The present invention relates to the field of photonics and in particular to arrangements for controlling, routing or switching optical signals by wavelength selection.
An optical circulator as illustrated by way of example in FIG. 1 is a known photonic device for the unidirectional transmission of an optical signal or beam from one port to the next sequential port (i.e. from port 1 to port 2, 2 to 3, 3 to 4, etc), without allowing transmission in the reverse directions (i.e. 2 to 1, 3 to 2, 4 to 3, etc). Thus light input at port 1 is output at port 2, light input at port 2 is output at port 3, etc. Here the term "light" is used to include both visible and non-visible radiation e.g. optical signals suitable for the purposes of photonics. To operate on several beams, as is necessary when handling signals from multiple optical fibres, several optical circulators are conventionally required. To perform an all-optical add-drop function that separates channels carried on different wavelengths in an optical signal (i.e. wavelength division multiplexing (WDM) wavelength channels), would also require a multiplicity of optical circulators.

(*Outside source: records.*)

(* Let $P=\{p_1,\dots,p_d\}$ be a maximal ranked poset of rank $n$, with rank levels $P_0,\dots,P_n$. (a) Let $I$ and $J$ be poset ideals of $P$ with $I\neq J$. Then $\{I,J\}\in E^{*}_{\mathcal O(P)}$ if and only if $I=\emptyset$, $J$ is connected in $P$, and $|\max(J)|\ge 2$. (b) Let $A$ and $B$ be antichains of $P$ with $A\neq B$. Then $\{A,B\}\in E^{*}_{\mathcal C(P)}$ if and only if there exists some $\ell$ with $1\le \ell\le n$ such that $A=P_{\ell-1}$, $B\subset P_\ell$, and $|B|\ge 2$.
   Context: For a finite poset $P=\{p_1,\dots,p_d\}$ and $W\subset P$ put $\rho(W)=\sum_{p_i\in W}\mathbf e_i\in\mathbb R^d$ ($\rho(\emptyset)=0$). The order polytope is $\mathcal O(P)=\{x\in\mathbb R^d: 0\le x_i\le 1 \text{ for all } i,\ x_i\ge x_j \text{ if } p_i\le p_j\}$ and the chain polytope is $\mathcal C(P)=\{x\in\mathbb R^d: x_i\ge 0 \text{ for all } i,\ x_{i_1}+\dots+x_{i_k}\le 1 \text{ if } p_{i_1}<\dots<p_{i_k}\}$. Poset ideals and antichains include $\emptyset$. For a poset ideal $I$, $\max(I)$ is its set of maximal elements; for an antichain $A$, $\langle A\rangle=\{x: x\le p \text{ for some } p\in A\}$. A nonempty subset $Q\subset P$ is connected in $P$ if the induced subgraph of the comparability graph of $P$ on $Q$ is connected. $E^{*}_{\mathcal O(P)}$ is the set of pairs $\{I,J\}$ of distinct poset ideals such that $\mathrm{conv}\{\rho(I),\rho(J)\}$ is an edge of $\mathcal O(P)$ but $\mathrm{conv}\{\rho(\max I),\rho(\max J)\}$ is not an edge of $\mathcal C(P)$. $E^{*}_{\mathcal C(P)}$ is the set of pairs $\{A,B\}$ of distinct antichains such that $\mathrm{conv}\{\rho(A),\rho(B)\}$ is an edge of $\mathcal C(P)$ but $\mathrm{conv}\{\rho(\langle A\rangle),\rho(\langle B\rangle)\}$ is not an edge of $\mathcal O(P)$. The length of a chain $C$ is $|C|-1$; $P$ is graded of rank $n$ if every maximal chain has length $n$, and then $P=\bigcup_{i=0}^n P_i$ where every maximal chain is $p_0<p_1<\dots<p_n$ with $p_i\in P_i$ ($P_i$ = elements of rank $i$). $P$ is a maximal ranked poset if it is graded and any two elements of distinct ranks are comparable. *)

theory Defs
  imports "HOL-Analysis.Analysis"
begin

text \<open>The poset P is the finite type 'n (so d = CARD('n)) with order relation le;
  vectors in R^d are real^'n, the coordinate of element i being x$i.\<close>

definition poset_order :: "('n \<Rightarrow> 'n \<Rightarrow> bool) \<Rightarrow> bool" where
  "poset_order le \<longleftrightarrow> (\<forall>x. le x x) \<and> (\<forall>x y. le x y \<and> le y x \<longrightarrow> x = y)
      \<and> (\<forall>x y z. le x y \<and> le y z \<longrightarrow> le x z)"

definition rho :: "'n::finite set \<Rightarrow> real ^ 'n" where
  "rho W = (\<chi> i. if i \<in> W then 1 else 0)"

definition is_chain :: "('n \<Rightarrow> 'n \<Rightarrow> bool) \<Rightarrow> 'n set \<Rightarrow> bool" where
  "is_chain le C \<longleftrightarrow> (\<forall>x\<in>C. \<forall>y\<in>C. le x y \<or> le y x)"

definition is_antichain :: "('n \<Rightarrow> 'n \<Rightarrow> bool) \<Rightarrow> 'n set \<Rightarrow> bool" where
  "is_antichain le A \<longleftrightarrow> (\<forall>x\<in>A. \<forall>y\<in>A. le x y \<longrightarrow> x = y)"

definition is_ideal :: "('n \<Rightarrow> 'n \<Rightarrow> bool) \<Rightarrow> 'n set \<Rightarrow> bool" where
  "is_ideal le I \<longleftrightarrow> (\<forall>x y. y \<in> I \<and> le x y \<longrightarrow> x \<in> I)"

definition order_polytope :: "('n::finite \<Rightarrow> 'n \<Rightarrow> bool) \<Rightarrow> (real ^ 'n) set" where
  "order_polytope le = {x. (\<forall>i. 0 \<le> x $ i \<and> x $ i \<le> 1) \<and> (\<forall>i j. le i j \<longrightarrow> x $ i \<ge> x $ j)}"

With the spread of WDM wherein a plurality of wavelength channels is carried by a single optical fibre, the need for a compact and cheap means for independently operating on large numbers of wavelength channels is becoming more acute.
A requirement in wavelength multiplexed multi-channel optical networks is to have fully flexible optical add-drop and cross connect functionality at nodes of the network. This means that any wavelength channel carrying data to that node can be dropped into any one of a number of receivers at that node and that any of the node's transmitters may reuse that wavelength to send data on from that node.
To achieve these functions requires switching and demultiplexing of the WDM wavelength channels. Tuneable reflective optical gratings can be used with optical circulators to sort a signal comprising WDM wavelength channels into two sets of wavelength channels. To carry out the add-drop function with 8, 16, 32 or more channels requires the sorting function to be repeated many times which requires the use of large numbers of filters and optical circulators.